Ловушка для жизни
7 и 8 декабря в петербургском Доме Радио пройдет небольшая ретроспектива фильмов Алена Кавалье, приуроченная к его 90-летию и организованная фестивалем архивных фильмов. Покажут четыре его автобиографических фильма, среди которых и «Кинолюбитель» (Le filmeur), прочитать о котором можно в этой статье, написанной Антоном Костылевым для «французского» номера «Сеанса».
СЕАНС – 49/50
Роберт Макки, доказывая в своей «Истории на миллион долларов» принцип абсолютной неслучайности каждой сцены и каждого эпизода в кино, находит удивительно точные слова: «Фильм — это метафора жизни, исполненной смысла». Экспозиция цепляется за конфликт, характеры за обстоятельства, и вся махина неотвратимо движется к финалу, неизбежному в соответствии с внутренней логикой картины. В этой финальной точке все скрытые пружины распрямляются, тайные механизмы с лязганьем защелкиваются, поймав в капкан искомый смысл. Включается свет — и жизнь продолжается.

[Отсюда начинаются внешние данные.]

lemma crps_Brier_subst_mixes:
  fixes Fs :: "nat \<Rightarrow> real \<Rightarrow> real"
  assumes ab: "a < b" and q: "\<forall>i<N. 0 \<le> q i" and q1: "(\<Sum>i<N. q i) = 1"
    and pdf: "\<forall>i<N. pdf_on a b (Fs i)"
  defines "F \<equiv> \<lambda>u. Brier_subst N q (\<lambda>i. Fs i u)"
  shows "(\<Sum>i<N. q i * exp (- (2 / (b - a)) * crps a b (Fs i) y))
           \<le> exp (- (2 / (b - a)) * crps a b F y)"
proof -
  define loss where "loss G u = (G u - heaviside (u - y))\<^sup>2" for G :: "real \<Rightarrow> real" and u
  have pdf_F: "pdf_on a b F"
    unfolding F_def by (rule pdf_on_Brier_subst [OF q q1 pdf])
  have integral: "((\<lambda>u. -2 * loss G u) has_integral (-2 * crps a b G y)) {a..b}"
    if "pdf_on a b G" for G
    using that unfolding loss_def pdf_on_def by (intro has_integral_mult_right crps_has_integral) auto
  have "(\<Sum>i<N. q i * exp (-2 * loss (Fs i) u)) \<le> exp (-2 * loss F u)" if u: "u \<in> {a..b}" for u
  proof -
    have "\<forall>i<N. 0 \<le> Fs i u \<and> Fs i u \<le> 1"
      using pdf u by (auto simp: pdf_on_def)
    note mixes = Brier_subst_mixes [OF q q1 this]
    show ?thesis
    proof (cases "u < y")
      case True
      then show ?thesis
        using mixes(1) by (simp add: F_def loss_def heaviside_def)
    next
      case False
      then show ?thesis
        using mixes(2) by (simp add: F_def loss_def heaviside_def power2_commute)
    qed
  qed
  then have "(\<Sum>i<N. q i * exp (-2 * crps a b (Fs i) y / (b - a)))
      \<le> exp (-2 * crps a b F y / (b - a))"
    using pdf pdf_F integral by (intro sum_exp_integral_mean_le [OF ab q q1]) auto
  then show ?thesis
    by simp
qed

lemma mixableI_exp:
  assumes eta: "eta > 0"
    and mix: "\<And>(N::nat) (q::nat \<Rightarrow> real) c. \<forall>i<N. 0 \<le> q i \<Longrightarrow> (\<Sum>i<N. q i) = 1 \<Longrightarrow> \<forall>i<N. c i \<in> Gam \<Longrightarrow>
      \<exists>f\<in>Gam. \<forall>y\<in>Om. (\<Sum>i<N. q i * exp (- eta * loss (c i) y)) \<le> exp (- eta * loss f y)"
  shows "mixable eta Gam Om loss"
  unfolding mixable_def
proof (intro conjI eta allI impI)
  fix N :: nat and q :: "nat \<Rightarrow> real" and c
  assume "(\<forall>i<N. 0 \<le> q i) \<and> (\<Sum>i<N. q i) = 1 \<and> (\<forall>i<N. c i \<in> Gam)"
  then have q: "\<forall>i<N. 0 \<le> q i" and q1: "(\<Sum>i<N. q i) = 1" and c: "\<forall>i<N. c i \<in> Gam"
    by auto
  obtain f where f: "f \<in> Gam"
    and le: "\<forall>y\<in>Om. (\<Sum>i<N. q i * exp (- eta * loss (c i) y)) \<le> exp (- eta * loss f y)"
    using mix [OF q q1 c] by blast
  have "loss f y \<le> - (1 / eta) * ln (\<Sum>i<N. q i * exp (- eta * loss (c i) y))" if "y \<in> Om" for y
  proof -
    have "ln (\<Sum>i<N. q i * exp (- eta * loss (c i) y)) \<le> - eta * loss f y"
      using le that sum_weighted_exp_pos [OF q q1] by (metis exp_gt_zero ln_exp ln_le_cancel_iff)
    then show ?thesis
      using eta by (simp add: field_simps)
  qed
  with f show "\<exists>f\<in>Gam. \<forall>y\<in>Om. loss f y \<le> - (1 / eta) * ln (\<Sum>i<N. q i * exp (- eta * loss (c i) y))"
    by blast
qed

theorem theorem2:
  fixes a b :: real
  assumes "a < b"
  shows "mixable (2 / (b - a)) {F. pdf_on a b F} {a..b} (crps a b)
    \<and> (\<forall>(N::nat) (q::nat \<Rightarrow> real) (Fs::nat \<Rightarrow> real \<Rightarrow> real).
         N \<ge> 1 \<and> (\<forall>i<N. 0 \<le> q i) \<and> (\<Sum>i<N. q i) = 1 \<and> (\<forall>i<N. pdf_on a b (Fs i)) \<longrightarrow>
         (let F = (\<lambda>u. 1/2 - 1/4 * ln ((\<Sum>i<N. q i * exp (-2 * (Fs i u)\<^sup>2)) /
                                        (\<Sum>i<N. q i * exp (-2 * (1 - Fs i u)\<^sup>2))))
          in pdf_on a b F \<and>
             (\<forall>y\<in>{a..b}. exp (- (2 / (b - a)) * crps a b F y)
                 \<ge> (\<Sum>i<N. q i * exp (- (2 / (b - a)) * crps a b (Fs i) y)))))"
proof -
  have F_eq: "(\<lambda>u. 1/2 - 1/4 * ln ((\<Sum>i<N. q i * exp (-2 * (Fs i u)\<^sup>2)) /
                                     (\<Sum>i<N. q i * exp (-2 * (1 - Fs i u)\<^sup>2))))
      = (\<lambda>u. Brier_subst N q (\<lambda>i. Fs i u))" for N q and Fs :: "nat \<Rightarrow> real \<Rightarrow> real"
    by (simp add: Brier_subst_def)
  have "mixable (2 / (b - a)) {F. pdf_on a b F} {a..b} (crps a b)"
  proof (rule mixableI_exp)
    fix N :: nat and q :: "nat \<Rightarrow> real" and Fs :: "nat \<Rightarrow> real \<Rightarrow> real"
    assume "\<forall>i<N. 0 \<le> q i" "(\<Sum>i<N. q i) = 1" "\<forall>i<N. Fs i \<in> {F. pdf_on a b F}"
    then show "\<exists>F\<in>{F. pdf_on a b F}. \<forall>y\<in>{a..b}. (\<Sum>i<N. q i * exp (- (2 / (b - a)) * crps a b (Fs i) y))
        \<le> exp (- (2 / (b - a)) * crps a b F y)"
      using pdf_on_Brier_subst crps_Brier_subst_mixes [OF assms] by blast
  qed (use assms in simp)
  then show ?thesis
    unfolding F_eq Let_def using pdf_on_Brier_subst crps_Brier_subst_mixes [OF assms] by blast
qed

end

В случае автобиографического фильма идея Макки приобретает не дидактический, а скорее философский смысл с несколько устрашающим оттенком. Являясь, кто бы что ни говорил, человеком, режиссер вынужден предпринять сверхчеловеческое усилие — преодолеть хаос собственной повседневности, собрать на монтажном столе смысл собственной жизни и навязать его миру как универсальный. И если избравшие для автобиографии путь игровой постановки могут укрыться за декорацией и актерами, то документалисты остаются наедине со зрителем, собственной жизнью и поисками в ней осмысленной последовательности. Представляя собой маргинальный жанр, документальная автобиография близка к темной, изначальной природе кино так же, как порнография, — только с другим знаком. Обнажение, принципиальный натурализм в жизни тела и в жизни духа приводит к зеркальному результату: вырождение смысла в шок в одном случае, и порождение смысла из шока от столкновения с истиной чужого бытия — в другом.
В данном случае художественный метод для автора становится уже не приемом, а стратегией выживания, выражением страха потерпеть поражение от собственной памяти, от неподатливого вещества собственной жизни, от неуловимости ослепительных моментов полноты существования. Следуя за своими надеждами и страхами, каждый выбирает свой путь.
Зази на пляже
В интервью газете «Коммерсантъ» Аньес Варда, говоря о картине «Побережья Аньес» (Les plages d’Agnès, 2008), призналась: «Я бы сказала, что тема фильма — страх потери памяти, который посещает нас в определенном возрасте». Тема считывается с трудом, поскольку саму Варда трудно заподозрить и в каких-либо страхах, и в давлении возраста — невозможно поверить, что ей за восемьдесят. Подобно юной Зази, наслаждающейся окружающим ее полоумным миром, Варда оживленно движется по пляжу, с помощью молодых помощников расставляет на нем зеркала, чтобы разглядывать в отражении свое прошлое. Прошлое — это места, люди и фильмы.
Пляж — отправная точка, поскольку рассказать свою историю Аньес решила с детства, проведенного на пляжах Бельгии. Замыкая круг, так же на пляже она будет показывать этот фильм, и остается позавидовать тем, кому повезло посмотреть картину под шум моря. Страх потери памяти, о котором говорит Варда, в ней самой был силен не настолько, чтобы не довериться памяти полностью. Память существует в пространстве, где порядок событий не имеет значения, где второстепенное может быть значительней главного, а крошечная деталь передавать больше, чем грандиозные исторические события. Так, Вторая мировая война, от которой семья Варда была вынуждена бежать во Францию (сначала в приморский Сет, а затем в Париж), занимает в ее памяти меньше места, чем захватывающая жизнь на лодке, где была вынуждена поселиться ее семья.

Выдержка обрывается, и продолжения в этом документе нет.